|Title||The Neural Representation Benchmark and its Evaluation on Brain and Machine|
|Publication Type||Journal Article|
|Year of Publication||2013|
|Authors||Cadieu, CF, Hong, H, Yamins, DLK, Pinto, N, Majaj, NJ, DiCarlo, JJ|
|Type of Article||preprint|
A key requirement for the development of effective learning representations is their evaluation and comparison to representations we know to be effective. In natural sensory domains, the community has viewed the brain as a source of inspiration and as an implicit benchmark for success. However, it has not been possible to directly test representational learning algorithms directly against the representations contained in neural systems. Here, we propose a new benchmark for visual representations on which we have directly tested the neural representation in multiple visual cortical areas in macaque (utilizing data from [Majaj et al., 2012]), and on which any computer vision algorithm that produces a feature space can be tested.

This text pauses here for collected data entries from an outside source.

definition transfer :: "('x \<Rightarrow> 'y \<Rightarrow> 'y) \<Rightarrow> ('x \<times> 'y \<Rightarrow> real) \<Rightarrow> 'x \<Rightarrow> ('y \<Rightarrow> real) \<Rightarrow> ('y \<Rightarrow> real)" where
  "transfer g \<phi> x \<psi> = (\<lambda>y. \<Sum>yb\<in>{yb. g x yb = y}. exp (\<phi> (x, yb)) * \<psi> yb)"

text \<open>The cone Lambda_K (on Y, identified with every fibre Y_x).\<close>
definition hcone :: "real \<Rightarrow> real \<Rightarrow> ('y::metric_space \<Rightarrow> real) set" where
  "hcone \<alpha> K = {\<psi>. (\<forall>y. 0 < \<psi> y) \<and> holder \<alpha> dist \<psi> \<and>
                    holder_semi \<alpha> dist \<psi> \<le> K * Inf (range \<psi>)} \<union> {\<lambda>_. 0}"

definition cone_le :: "('a \<Rightarrow> real) set \<Rightarrow> ('a \<Rightarrow> real) \<Rightarrow> ('a \<Rightarrow> real) \<Rightarrow> bool" where
  "cone_le C \<phi> \<psi> \<longleftrightarrow> (\<lambda>y. \<psi> y - \<phi> y) \<in> C \<union> {\<lambda>_. 0}"

definition cone_A :: "('a \<Rightarrow> real) set \<Rightarrow> ('a \<Rightarrow> real) \<Rightarrow> ('a \<Rightarrow> real) \<Rightarrow> ereal" where
  "cone_A C \<phi> \<psi> = Sup (ereal ` {t. 0 < t \<and> cone_le C (\<lambda>y. t * \<phi> y) \<psi>})"

definition cone_B :: "('a \<Rightarrow> real) set \<Rightarrow> ('a \<Rightarrow> real) \<Rightarrow> ('a \<Rightarrow> real) \<Rightarrow> ereal" where
  "cone_B C \<phi> \<psi> = Inf (ereal ` {t. 0 < t \<and> cone_le C \<psi> (\<lambda>y. t * \<phi> y)})"

definition hilbert_metric :: "('a \<Rightarrow> real) set \<Rightarrow> ('a \<Rightarrow> real) \<Rightarrow> ('a \<Rightarrow> real) \<Rightarrow> ereal" where
  "hilbert_metric C \<phi> \<psi> =
     (let A = cone_A C \<phi> \<psi>; B = cone_B C \<phi> \<psi> in
      if 0 < A \<and> A < \<infinity> \<and> 0 < B \<and> B < \<infinity>
      then ereal (ln (real_of_ereal B / real_of_ereal A)) else \<infinity>)"

end

theory Submission
  imports Defs
begin

text \<open>
  For \<open>y, y'\<close> in \<open>Y\<close>, lifting a geodesic from \<open>y\<close> to \<open>y'\<close> through \<open>g x\<close> matches the \<open>d\<close>
  preimages of \<open>y\<close> with those of \<open>y'\<close>. A lift that avoids \<open>\<A>\<close> contracts by \<open>\<gamma>\<^sup>-\<^sup>1\<close>, the others
  expand by at most \<open>L\<close>; as every element of the cover of \<open>\<A>\<close> meets only one component of the
  preimage of the geodesic, at most \<open>q\<close> lifts enter \<open>\<A>\<close>. Comparing the matched terms of
  \<open>\<L>\<^sub>x \<psi> y\<close> and \<open>\<L>\<^sub>x \<psi> y'\<close>, with the small oscillation of \<open>\<phi>\<close>, bounds the Hoelder
  constant of \<open>\<L>\<^sub>x \<psi>\<close> by \<open>\<zeta> K\<close> times its infimum.

  The cone \<open>\<Lambda>\<^bsub>\<zeta>K\<^esub>\<close> with \<open>\<zeta> < 1\<close> has bounded diameter in \<open>\<Lambda>\<^bsub>K\<^esub>\<close>: for nonzero \<open>u, v\<close> in
  it, \<open>v - t\<^sub>0 u\<close> and \<open>t\<^sub>1 u - v\<close> lie in \<open>\<Lambda>\<^bsub>K\<^esub>\<close> for a ratio \<open>t\<^sub>1 / t\<^sub>0\<close> independent of \<open>u, v\<close>.
\<close>

section \<open>Hoelder cones and their Hilbert metric\<close>

lemma holder_semi_bound:
  fixes D :: "'a \<Rightarrow> 'a \<Rightarrow> real"
  assumes H: "holder \<alpha> D u" and Dpos: "\<And>a b. a \<noteq> b \<Longrightarrow> D a b > 0" and D0: "\<And>a. D a a = 0"
  shows "\<bar>u a - u b\<bar> \<le> holder_semi \<alpha> D u * D a b powr \<alpha>"
proof (cases "a = b")
  case True
  then show ?thesis using D0 by simp
next
  case False
  obtain C where C: "\<And>a b. \<bar>u a - u b\<bar> \<le> C * D a b powr \<alpha>"
    using H unfolding holder_def by blast
  define S where "S = insert 0 {\<bar>u a - u b\<bar> / D a b powr \<alpha> | a b. a \<noteq> b}"
  have "bdd_above S"
    unfolding bdd_above_def
  proof (intro exI[of _ "max 0 C"] ballI)
    fix r assume "r \<in> S"
    then consider "r = 0" | a b where "a \<noteq> b" "r = \<bar>u a - u b\<bar> / D a b powr \<alpha>"
      unfolding S_def by blast
    then show "r \<le> max 0 C"
    proof cases
      case 2
      then have "r \<le> C" using C[of a b] Dpos[of a b] by (simp add: divide_le_eq)
      then show ?thesis by simp
    qed simp
  qed
  moreover have "\<bar>u a - u b\<bar> / D a b powr \<alpha> \<in> S" using False unfolding S_def by blast
  ultimately have "\<bar>u a - u b\<bar> / D a b powr \<alpha> \<le> Sup S" by (rule cSup_upper[rotated])
  then show ?thesis
    using Dpos[OF False] unfolding holder_semi_def S_def[symmetric] by (simp add: divide_le_eq)
qed

lemma holder_semi_le:
  fixes D :: "'a \<Rightarrow> 'a \<Rightarrow> real"
  assumes Dpos: "\<And>a b. a \<noteq> b \<Longrightarrow> D a b > 0" and "M \<ge> 0"
    and B: "\<And>a b. a \<noteq> b \<Longrightarrow> \<bar>u a - u b\<bar> \<le> M * D a b powr \<alpha>"
  shows "holder_semi \<alpha> D u \<le> M"
  unfolding holder_semi_def
proof (rule cSup_least)
  fix r assume "r \<in> insert 0 {\<bar>u a - u b\<bar> / D a b powr \<alpha> | a b. a \<noteq> b}"
  then consider "r = 0" | a b where "a \<noteq> b" "r = \<bar>u a - u b\<bar> / D a b powr \<alpha>" by blast
  then show "r \<le> M"
  proof cases
    case 2
    then show ?thesis using B[of a b] Dpos[of a b] by (simp add: divide_le_eq)
  qed (use \<open>M \<ge> 0\<close> in simp)
qed simp

lemma abs_exp_diff_le:
  fixes u v S :: real
  assumes "u \<le> S" "v \<le> S"
  shows "\<bar>exp u - exp v\<bar> \<le> exp S * \<bar>u - v\<bar>"
proof -
  have *: "exp a - exp b \<le> exp S * (a - b)" if "b \<le> a" "a \<le> S" for a b :: real
  proof -
    have "exp a - exp b = exp a * (1 - exp (b - a))" by (simp add: exp_diff field_simps)
    also have "\<dots> \<le> exp a * (a - b)"
      using exp_ge_add_one_self[of "b - a"] by (intro mult_left_mono) (linarith, simp)
    also have "\<dots> \<le> exp S * (a - b)" using that by (intro mult_right_mono) auto
    finally show ?thesis .
  qed
  show ?thesis
    using *[of v u] *[of u v] assms by (cases "v \<le> u") auto
qed

lemma holder_exp:
  assumes "holder \<alpha> D \<phi>" and "\<And>z. \<phi> z \<le> S"
  shows "holder \<alpha> D (\<lambda>z. exp (\<phi> z))"
proof -
  obtain C where C: "\<And>a b. \<bar>\<phi> a - \<phi> b\<bar> \<le> C * D a b powr \<alpha>"
    using assms(1) unfolding holder_def by blast
  have "\<bar>exp (\<phi> a) - exp (\<phi> b)\<bar> \<le> exp S * C * D a b powr \<alpha>" for a b
  proof -
    have "\<bar>exp (\<phi> a) - exp (\<phi> b)\<bar> \<le> exp S * \<bar>\<phi> a - \<phi> b\<bar>"
      by (rule abs_exp_diff_le) (use assms(2) in auto)
    also have "\<dots> \<le> exp S * (C * D a b powr \<alpha>)" using C by (intro mult_left_mono) auto
    finally show ?thesis by (simp add: mult.assoc)
  qed
  then show ?thesis unfolding holder_def by blast
qed

lemma holder_bdd_range:
  fixes D :: "'a \<Rightarrow> 'a \<Rightarrow> real"
  assumes "holder \<alpha> D u" and "\<And>a b. D a b \<le> B" "\<And>a b. 0 \<le> D a b" and "0 < \<alpha>"
  shows "bdd_above (range u)" "bdd_below (range u)"
proof -
  obtain C where C: "\<And>a b. \<bar>u a - u b\<bar> \<le> C * D a b powr \<alpha>"
    using assms(1) unfolding holder_def by blast
  have "\<bar>u a - u b\<bar> \<le> \<bar>C\<bar> * B powr \<alpha>" for a b
  proof -
    have "C * D a b powr \<alpha> \<le> \<bar>C\<bar> * D a b powr \<alpha>" by (intro mult_right_mono) auto
    also have "\<dots> \<le> \<bar>C\<bar> * B powr \<alpha>"
      using assms(2-4) by (intro mult_left_mono powr_mono2) auto
    finally show ?thesis using C[of a b] by linarith
  qed
  then have "u a \<le> u z + \<bar>C\<bar> * B powr \<alpha>" "u z - \<bar>C\<bar> * B powr \<alpha> \<le> u a" for a z
    by (smt (verit))+
  then show "bdd_above (range u)" "bdd_below (range u)"
    by (auto intro!: bdd_aboveI bdd_belowI)
qed

lemma hcone_memI:
  fixes u :: "'y::metric_space \<Rightarrow> real"
  assumes "K \<ge> 0" "c > 0" and lower: "\<And>y. c \<le> u y"
    and Hoelder: "\<And>a b. \<bar>u a - u b\<bar> \<le> K * c * dist a b powr \<alpha>"
  shows "u \<in> hcone \<alpha> K"
proof -
  have "holder_semi \<alpha> dist u \<le> K * c"
    by (rule holder_semi_le) (use assms in auto)
  also have "K * c \<le> K * Inf (range u)"
    using lower by (intro mult_left_mono cInf_greatest) (auto simp: assms)
  finally show ?thesis
    using Hoelder lower \<open>c > 0\<close> unfolding hcone_def holder_def by (auto intro: less_le_trans)
qed

lemma hcone_bounds:
  fixes \<psi> :: "'y::metric_space \<Rightarrow> real"
  assumes "\<psi> \<in> hcone \<alpha> K" "\<psi> \<noteq> (\<lambda>_. 0)" and "K \<ge> 0" "\<alpha> > 0" and "bounded (UNIV::'y set)"
  defines "m \<equiv> Inf (range \<psi>)"
  shows "0 < m" "\<And>y. m \<le> \<psi> y" "\<And>y. \<psi> y \<le> m + K * m * diameter (UNIV::'y set) powr \<alpha>"
    "\<And>a b. \<bar>\<psi> a - \<psi> b\<bar> \<le> K * m * dist a b powr \<alpha>"
proof -
  define D where "D = diameter (UNIV::'y set)"
  have pos: "\<And>y. 0 < \<psi> y" and hol: "holder \<alpha> dist \<psi>" and semi: "holder_semi \<alpha> dist \<psi> \<le> K * m"
    using assms(1,2) unfolding hcone_def m_def by auto
  show lower: "m \<le> \<psi> y" for y
    unfolding m_def using pos by (intro cInf_lower bdd_belowI[of _ 0]) (auto intro: less_imp_le)
  have m0: "0 \<le> m" unfolding m_def using pos by (intro cInf_greatest) (auto intro: less_imp_le)
  show Hoelder: "\<bar>\<psi> a - \<psi> b\<bar> \<le> K * m * dist a b powr \<alpha>" for a b
    using holder_semi_bound[OF hol, of a b] mult_right_mono[OF semi, of "dist a b powr \<alpha>"] by simp
  have upper: "\<psi> y \<le> m + K * m * D powr \<alpha>" for y
  proof -
    have "\<psi> y - K * m * D powr \<alpha> \<le> \<psi> z" for z
    proof -
      have "dist y z powr \<alpha> \<le> D powr \<alpha>"
        unfolding D_def using assms(4,5) by (intro powr_mono2 diameter_bounded_bound) auto
      then have "K * m * dist y z powr \<alpha> \<le> K * m * D powr \<alpha>"
        using assms(3) m0 by (intro mult_left_mono) auto
      then show ?thesis using Hoelder[of y z] by linarith
    qed
    then have "\<psi> y - K * m * D powr \<alpha> \<le> m" unfolding m_def by (intro cInf_greatest) auto
    then show ?thesis by simp
  qed
  then show "\<psi> y \<le> m + K * m * diameter (UNIV::'y set) powr \<alpha>" for y by (simp add: D_def)
  show "0 < m"
    using upper[of undefined] pos[of undefined] m0 by (cases "m = 0") auto
qed

lemma hcone_nonneg: "w \<in> hcone \<alpha> K \<Longrightarrow> 0 \<le> w y"
  unfolding hcone_def by (auto intro: less_imp_le)

lemma hcone_diff_memI:
  fixes p q :: "'y::metric_space \<Rightarrow> real"
  assumes "K \<ge> 0" "0 < \<zeta> * (mp + mq)"
    and "\<And>a b. \<bar>p a - p b\<bar> \<le> \<zeta> * K * mp * dist a b powr \<alpha>"
    and "\<And>a b. \<bar>q a - q b\<bar> \<le> \<zeta> * K * mq * dist a b powr \<alpha>"
    and "\<And>y. \<zeta> * (mp + mq) \<le> p y - q y"
  shows "(\<lambda>y. p y - q y) \<in> hcone \<alpha> K"
proof (rule hcone_memI[OF assms(1,2,5)])
  fix a b
  have "\<bar>(p a - q a) - (p b - q b)\<bar> \<le> \<bar>p a - p b\<bar> + \<bar>q a - q b\<bar>" by linarith
  also have "\<dots> \<le> K * (\<zeta> * (mp + mq)) * dist a b powr \<alpha>"
    using assms(3,4)[of a b] by (simp add: algebra_simps)
  finally show "\<bar>(p a - q a) - (p b - q b)\<bar> \<le> K * (\<zeta> * (mp + mq)) * dist a b powr \<alpha>" .
qed

lemma hilbert_metric_le_ln:
  fixes C :: "('a \<Rightarrow> real) set"
  assumes nonneg: "\<And>w y. w \<in> C \<Longrightarrow> 0 \<le> w y"
    and "0 < u y0" "0 < v y0" "0 < t0" "0 < t1"
    and below: "cone_le C (\<lambda>y. t0 * u y) v" and above: "cone_le C v (\<lambda>y. t1 * u y)"
  shows "hilbert_metric C u v \<le> ereal (ln (t1 / t0))"
proof -
  have nonneg': "0 \<le> w y" if "w \<in> C \<union> {\<lambda>_. 0}" for w y using that nonneg by auto
  define A where "A = cone_A C u v"
  define B where "B = cone_B C u v"
  have A_ge: "ereal t0 \<le> A"
    unfolding A_def cone_A_def using below \<open>0 < t0\<close> by (intro Sup_upper) auto
  have A_le: "A \<le> ereal (v y0 / u y0)"
    unfolding A_def cone_A_def
  proof (rule Sup_least)
    fix r assume "r \<in> ereal ` {t. 0 < t \<and> cone_le C (\<lambda>y. t * u y) v}"
    then obtain t where "r = ereal t" "cone_le C (\<lambda>y. t * u y) v" by blast
    then show "r \<le> ereal (v y0 / u y0)"
      using nonneg'[of "\<lambda>y. v y - t * u y" y0] \<open>0 < u y0\<close>
      unfolding cone_le_def by (simp add: le_divide_eq)
  qed
  have B_le: "B \<le> ereal t1"
    unfolding B_def cone_B_def using above \<open>0 < t1\<close> by (intro Inf_lower) auto
  have B_ge: "ereal (v y0 / u y0) \<le> B"
    unfolding B_def cone_B_def
  proof (rule Inf_greatest)
    fix r assume "r \<in> ereal ` {t. 0 < t \<and> cone_le C v (\<lambda>y. t * u y)}"
    then obtain t where "r = ereal t" "cone_le C v (\<lambda>y. t * u y)" by blast
    then show "ereal (v y0 / u y0) \<le> r"
      using nonneg'[of "\<lambda>y. t * u y - v y" y0] \<open>0 < u y0\<close>
      unfolding cone_le_def by (simp add: divide_le_eq)
  qed
  obtain a where a: "A = ereal a" using A_ge A_le by (cases A) auto
  obtain b where b: "B = ereal b" using B_le B_ge by (cases B) auto
  have "0 < v y0 / u y0" using assms(2,3) by simp
  then have ab: "t0 \<le> a" "0 < b" "b \<le> t1" using A_ge B_ge B_le a b by auto
  have "hilbert_metric C u v = ereal (ln (b / a))"
    unfolding hilbert_metric_def A_def[symmetric] B_def[symmetric] Let_def
    using a b ab \<open>0 < t0\<close> by simp
  also have "ln (b / a) \<le> ln (t1 / t0)"
    using ab \<open>0 < t0\<close> by (intro ln_mono frac_le) auto
  finally show ?thesis by simp
qed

The benchmark measures the effectiveness of the neural or machine representation by computing the classification loss on the ordered eigendecomposition of a kernel matrix [Montavon et al., 2011]. In our analysis we find that the neural representation in visual area IT is superior to visual area V4. In our analysis of representational learning algorithms, we find that three-layer models approach the representational performance of V4 and the algorithm in [Le et al., 2012] surpasses the performance of V4. Impressively, we find that a recent supervised algorithm [Krizhevsky et al., 2012] achieves performance comparable to that of IT for an intermediate level of image variation difficulty, and surpasses IT at a higher difficulty level. We believe this result represents a major milestone: it is the first learning algorithm we have found that exceeds our current estimate of IT representation performance. We hope that this benchmark will assist the community in matching the representational performance of visual cortex and will serve as an initial rallying point for further correspondence between representations derived in brains and machines.